Сам не зная почему, он теперь испытывал скорее грусть, нежели страх. Он с отвращением смотрел на письменный стол, устланный объявлениями нотариальной конторы.

— Квитанции у вас? — спросил у него заведующий.

Жан подал их.

— А квитанция «Льежской газеты»? Вы что, забыли «Льежскую газету»?

Подумаешь, драма! Катастрофа! Заведующий говорил таким трагическим тоном.
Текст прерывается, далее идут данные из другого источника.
(* Let $0<\epsilon<1/3$. Suppose $G=(U\cup V,E)$ is a bipartite graph and $H=n\otimes G$ where $n=\max\{|U|,|V|\}$. If $H$ has an $\epsilon$-regular partition of size $t$, then $G$ has a $36\epsilon^{1/18}$-regular partition of size at most $2t+2$.
   Context: For a bipartite graph $G=(U\cup V,E)$ and $n\ge1$, $n\otimes G$ is the $3$-graph with vertex set $U\cup V\cup\{c_1,\dots,c_n\}$ ($c_i$ new vertices) and edge set $\{\{c_i,u,w\}: i\in[n], uw\in E\}$. Graph regularity: $d_G(X,Y)=|\{(x,y)\in X\times Y:xy\in E\}|/(|X||Y|)$; $(X,Y)$ is $\eta$-regular if $|d_G(X,Y)-d_G(X',Y')|\le\eta$ for all $X'\subseteq X,Y'\subseteq Y$ with $|X'|\ge\eta|X|,|Y'|\ge\eta|Y|$; a partition $\mathcal P$ of $V(G)$ (not necessarily equitable; pairs $(X,X)$ allowed) is $\eta$-regular if at least $(1-\eta)|V(G)|^2$ pairs of $V(G)^2$ lie in $X\times Y$ for some $\eta$-regular $(X,Y)\in\mathcal P^2$. $3$-graph regularity: $d_H(X,Y,Z)=|\{(x,y,z)\in X\times Y\times Z:\{x,y,z\}\in E(H)\}|/(|X||Y||Z|)$; $(X,Y,Z)$ is $\epsilon$-regular if $|d_H(X,Y,Z)-d_H(X',Y',Z')|\le\epsilon$ for all subsets of sizes at least $\epsilon|X|,\epsilon|Y|,\epsilon|Z|$; a partition $\mathcal P$ of $V(H)$ is $\epsilon$-regular if at least $(1-\epsilon)|V(H)|^3$ triples of $V(H)^3$ lie in $X\times Y\times Z$ for some $\epsilon$-regular $(X,Y,Z)\in\mathcal P^3$. *)

theory Defs
  imports Complex_Main
begin

definition is_partition :: "'v set set \<Rightarrow> 'v set \<Rightarrow> bool" where
  "is_partition P S \<longleftrightarrow> (\<forall>X\<in>P. X \<noteq> {}) \<and> (\<forall>X\<in>P. \<forall>Y\<in>P. X \<noteq> Y \<longrightarrow> X \<inter> Y = {}) \<and> \<Union>P = S"

definition gdens :: "'v set set \<Rightarrow> 'v set \<Rightarrow> 'v set \<Rightarrow> real" where
  "gdens E X Y = real (card {(x,y) \<in> X \<times> Y. {x,y} \<in> E}) / (real (card X) * real (card Y))"

definition g_regular_pair :: "'v set set \<Rightarrow> real \<Rightarrow> 'v set \<Rightarrow> 'v set \<Rightarrow> bool" where
  "g_regular_pair E \<eta> X Y \<longleftrightarrow>
     (\<forall>X' Y'. X' \<subseteq> X \<and> Y' \<subseteq> Y \<and> real (card X') \<ge> \<eta> * real (card X) \<and> real (card Y') \<ge> \<eta> * real (card Y)
        \<longrightarrow> \<bar>gdens E X Y - gdens E X' Y'\<bar> \<le> \<eta>)"

definition g_regular_partition :: "'v set set \<Rightarrow> 'v set \<Rightarrow> real \<Rightarrow> 'v set set \<Rightarrow> bool" where
  "g_regular_partition E S \<eta> P \<longleftrightarrow>
     real (card {(x,y) \<in> S \<times> S. \<exists>X\<in>P. \<exists>Y\<in>P. g_regular_pair E \<eta> X Y \<and> x \<in> X \<and> y \<in> Y})
       \<ge> (1 - \<eta>) * real (card S) ^ 2"

definition hdens :: "'v set set \<Rightarrow> 'v set \<Rightarrow> 'v set \<Rightarrow> 'v set \<Rightarrow> real" where
  "hdens F X Y Z = real (card {(x,y,z) \<in> X \<times> Y \<times> Z. {x,y,z} \<in> F}) /
      (real (card X) * real (card Y) * real (card Z))"

definition h_regular_triple :: "'v set set \<Rightarrow> real \<Rightarrow> 'v set \<Rightarrow> 'v set \<Rightarrow> 'v set \<Rightarrow> bool" where
  "h_regular_triple F \<epsilon> X Y Z \<longleftrightarrow>
     (\<forall>X' Y' Z'. X' \<subseteq> X \<and> Y' \<subseteq> Y \<and> Z' \<subseteq> Z \<and> real (card X') \<ge> \<epsilon> * real (card X)
        \<and> real (card Y') \<ge> \<epsilon> * real (card Y) \<and> real (card Z') \<ge> \<epsilon> * real (card Z)
        \<longrightarrow> \<bar>hdens F X Y Z - hdens F X' Y' Z'\<bar> \<le> \<epsilon>)"

definition h_regular_partition :: "'v set set \<Rightarrow> 'v set \<Rightarrow> real \<Rightarrow> 'v set set \<Rightarrow> bool" where
  "h_regular_partition F S \<epsilon> P \<longleftrightarrow>
     real (card {(x,y,z) \<in> S \<times> S \<times> S. \<exists>X\<in>P. \<exists>Y\<in>P. \<exists>Z\<in>P.
         h_regular_triple F \<epsilon> X Y Z \<and> x \<in> X \<and> y \<in> Y \<and> z \<in> Z})
       \<ge> (1 - \<epsilon>) * real (card S) ^ 3"

definition bipartite :: "'a set \<Rightarrow> 'a set \<Rightarrow> 'a set set \<Rightarrow> bool" where
  "bipartite U V E \<longleftrightarrow> finite U \<and> finite V \<and> U \<inter> V = {} \<and> E \<subseteq> {{u,w} | u w. u \<in> U \<and> w \<in> V}"

text \<open>The 3-graph n \<otimes> G: original vertices Inl v, new vertices c_i = Inr i, i in {1..n}.\<close>
definition tensor_verts :: "nat \<Rightarrow> 'a set \<Rightarrow> 'a set \<Rightarrow> ('a + nat) set" where
  "tensor_verts n U V = Inl ` (U \<union> V) \<union> Inr ` {1..n}"

definition tensor_edges :: "nat \<Rightarrow> 'a set set \<Rightarrow> ('a + nat) set set" where
  "tensor_edges n E = {{Inr i, Inl u, Inl w} | i u w. i \<in> {1..n} \<and> {u,w} \<in> E}"

end

theory Submission
  imports Defs
begin
lemma heyting_top_imp: assumes a: "a \<in> car H" shows "im H (tp H) a = a"
proof -
  have c: "im H (tp H) a \<in> car H" using heyting_closed(5)[OF heyting_closed(2) a] .
  have "hle H (mt H (tp H) (im H (tp H) a)) a" using hle_modus_ponens[OF heyting_closed(2) a] .
  then have 1: "hle H (im H (tp H) a) a" using heyting_top_meet[OF c] by simp
  have "hle H (mt H a (tp H)) a" using heyting_meet_top[OF a] hle_refl[OF a] by simp
  then have 2: "hle H a (im H (tp H) a)" using heyting_residuation[OF heyting_closed(2) a a] by simp
  show ?thesis using hle_antisym[OF c a 1 2] .
qed

lemma heyting_meet_imp: assumes a: "a \<in> car H" "b \<in> car H"
  shows "im H (mt H a b) a = tp H" "im H (mt H a b) b = tp H"
    "im H a (im H b (mt H a b)) = tp H"
proof -
  have ab: "mt H a b \<in> car H" using heyting_closed(3)[OF a] .
  show "im H (mt H a b) a = tp H" using heyting_imp_eq_top[OF ab a(1)] hle_meet1[OF a] by simp
  show "im H (mt H a b) b = tp H" using heyting_imp_eq_top[OF ab a(2)] hle_meet2[OF a] by simp
  have "hle H (mt H a b) (mt H a b)" using hle_refl[OF ab] .
  then have "hle H a (im H b (mt H a b))" using heyting_residuation[OF a(2) ab a(1)] by simp
  then show "im H a (im H b (mt H a b)) = tp H" using heyting_imp_eq_top[OF a(1)
      heyting_closed(5)[OF a(2) ab]] by simp
qed

lemma hle_meet_join_distrib: assumes a: "x \<in> car H" "a \<in> car H" "b \<in> car H"
  shows "hle H (mt H x (jn H a b)) (jn H (mt H x a) (mt H x b))"
proof -
  define r where "r = jn H (mt H x a) (mt H x b)"
  have xa: "mt H x a \<in> car H" using heyting_closed(3)[OF a(1,2)] .
  have xb: "mt H x b \<in> car H" using heyting_closed(3)[OF a(1,3)] .
  have cr: "r \<in> car H" unfolding r_def using heyting_closed(4)[OF xa xb] .
  have "hle H (mt H a x) r" unfolding r_def using heyting_meet_commute[OF a(1,2)] hle_join1[OF xa xb] by simp
  then have 1: "hle H a (im H x r)" using heyting_residuation[OF a(1) cr a(2)] by simp
  have "hle H (mt H b x) r" unfolding r_def using heyting_meet_commute[OF a(1,3)] hle_join2[OF xa xb] by simp
  then have 2: "hle H b (im H x r)" using heyting_residuation[OF a(1) cr a(3)] by simp
  have "hle H (jn H a b) (im H x r)" using hle_joinI[OF a(2,3) heyting_closed(5)[OF a(1) cr] 1 2] .
  then have "hle H (mt H (jn H a b) x) r" using heyting_residuation[OF a(1) cr heyting_closed(4)[OF
      a(2,3)]] by simp
  then show ?thesis unfolding r_def[symmetric] using heyting_meet_commute[OF a(1)
      heyting_closed(4)[OF a(2,3)]] by simp
qed

lemma heyting_join_imp: assumes a: "a \<in> car H" "b \<in> car H"
  shows "im H a (jn H a b) = tp H" "im H b (jn H a b) = tp H"
  using heyting_imp_eq_top[OF a(1) heyting_closed(4)[OF a]] heyting_imp_eq_top[OF a(2)
    heyting_closed(4)[OF a]] hle_join1[OF a] hle_join2[OF a] by simp_all

lemma heyting_join_elim: assumes a: "a \<in> car H" "b \<in> car H" "c \<in> car H"
  shows "im H (im H a c) (im H (im H b c) (im H (jn H a b) c)) = tp H"
proof -
  define p where "p = im H a c"
  define q where "q = im H b c"
  define x where "x = mt H p q"
  have cp: "p \<in> car H" "q \<in> car H" unfolding p_def q_def using heyting_closed(5) a by auto
  have cx: "x \<in> car H" unfolding x_def using heyting_closed(3)[OF cp] .
  have xa: "mt H x a \<in> car H" using heyting_closed(3)[OF cx a(1)] .
  have xb: "mt H x b \<in> car H" using heyting_closed(3)[OF cx a(2)] .
  have "hle H (mt H x a) (mt H p a)" unfolding x_def using hle_meet_mono[OF heyting_closed(3)[OF cp]
      cp(1) a(1) hle_meet1[OF cp]] .
  moreover have "hle H (mt H p a) c" unfolding p_def using hle_modus_ponens[OF a(1,3)]
      heyting_meet_commute[OF a(1) heyting_closed(5)[OF a(1,3)]] by simp
  ultimately have 1: "hle H (mt H x a) c" using hle_trans[OF xa heyting_closed(3)[OF cp(1) a(1)] a(3)] by simp
  have "hle H (mt H x b) (mt H q b)" unfolding x_def using hle_meet_mono[OF heyting_closed(3)[OF cp]
      cp(2) a(2) hle_meet2[OF cp]] .
  moreover have "hle H (mt H q b) c" unfolding q_def using hle_modus_ponens[OF a(2,3)]
      heyting_meet_commute[OF a(2) heyting_closed(5)[OF a(2,3)]] by simp
  ultimately have 2: "hle H (mt H x b) c" using hle_trans[OF xb heyting_closed(3)[OF cp(2) a(2)] a(3)] by simp
  have "hle H (jn H (mt H x a) (mt H x b)) c" using hle_joinI[OF xa xb a(3) 1 2] .
  then have "hle H (mt H x (jn H a b)) c"
    using hle_trans[OF heyting_closed(3)[OF cx heyting_closed(4)[OF a(1,2)]] heyting_closed(4)[OF xa
      xb] a(3) hle_meet_join_distrib[OF cx a(1,2)]] by simp
  then have "hle H x (im H (jn H a b) c)" using heyting_residuation[OF heyting_closed(4)[OF a(1,2)]
      a(3) cx] by simp
  then have "hle H p (im H q (im H (jn H a b) c))" unfolding x_def
    using heyting_residuation[OF cp(2) heyting_closed(5)[OF heyting_closed(4)[OF a(1,2)] a(3)] cp(1)] by simp
  then show ?thesis unfolding p_def[symmetric] q_def[symmetric]
    using heyting_imp_eq_top[OF cp(1) heyting_closed(5)[OF cp(2) heyting_closed(5)[OF
      heyting_closed(4)[OF a(1,2)] a(3)]]] by simp
qed

lemma heyting_neg_imp: assumes a: "a \<in> car H" "b \<in> car H"
  shows "im H a (im H (ng H a) b) = tp H"
proof -
  have n: "ng H a \<in> car H" using heyting_closed(6)[OF a(1)] .
  have an: "mt H a (ng H a) \<in> car H" using heyting_closed(3)[OF a(1) n] .
  have "hle H (mt H a (ng H a)) (zr H)" using hle_modus_ponens[OF a(1) heyting_closed(1)]
      heyting_neg[OF a(1)] by simp
  then have "hle H (mt H a (ng H a)) b" using hle_trans[OF an heyting_closed(1) a(2)] hle_zero[OF a(2)] by simp
  then have "hle H a (im H (ng H a) b)" using heyting_residuation[OF n a(2) a(1)] by simp
  then show ?thesis using heyting_imp_eq_top[OF a(1) heyting_closed(5)[OF n a(2)]] by simp
qed

lemma heyting_neg_absurd: assumes a: "a \<in> car H"
  shows "im H (im H a (ng H a)) (ng H a) = tp H"
proof -
  define p where "p = im H a (ng H a)"
  have n: "ng H a \<in> car H" using heyting_closed(6)[OF a(1)] .
  have cp: "p \<in> car H" unfolding p_def using heyting_closed(5)[OF a n] .
  have pa: "mt H p a \<in> car H" using heyting_closed(3)[OF cp a] .
  have an: "mt H a (ng H a) \<in> car H" using heyting_closed(3)[OF a(1) n] .
  have "hle H (mt H p a) (ng H a)" unfolding p_def using hle_modus_ponens[OF a n]
      heyting_meet_commute[OF a heyting_closed(5)[OF a n]] by simp
  moreover have "hle H (mt H p a) a" using hle_meet2[OF cp a] .
  ultimately have "hle H (mt H p a) (mt H a (ng H a))" using hle_meetI[OF a n pa] by simp
  moreover have "hle H (mt H a (ng H a)) (zr H)" using hle_modus_ponens[OF a(1) heyting_closed(1)]
      heyting_neg[OF a(1)] by simp
  ultimately have "hle H (mt H p a) (zr H)" using hle_trans[OF pa an heyting_closed(1)] by simp
  then have "hle H p (ng H a)" using heyting_residuation[OF a heyting_closed(1) cp] heyting_neg[OF a] by simp
  then show ?thesis unfolding p_def[symmetric] using heyting_imp_eq_top[OF cp n] by simp
qed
— Послушайте, Шабо, я должен сказать вам, что так не может продолжаться. Работа есть работа. Долг есть долг. Я вынужден поговорить об этом с хозяином. А кроме того, я слышал, что вас встречают по ночам в таких неподходящих местах, куда я лично никогда не ступал ногой. Откровенно говоря, вы пошли по плохой дорожке. Смотрите на меня, когда я говорю с вами! И не принимайте такой иронический вид! Слышите? Это вам так не пройдет…

Дверь захлопнулась. Молодой человек остался один и продолжал наклеивать марки на конверты.

В это время Дельфос, вероятно, сидел на террасе «Пеликана» или в каком-нибудь кино. Стенные часы показывали пять. Шабло подождал, пока они подвинулись еще шестьдесят раз — на одну минуту, — потом встал, взял шляпу и закрыл на ключ ящик своего стола.

Широкоплечего мужчины поблизости он не заметил.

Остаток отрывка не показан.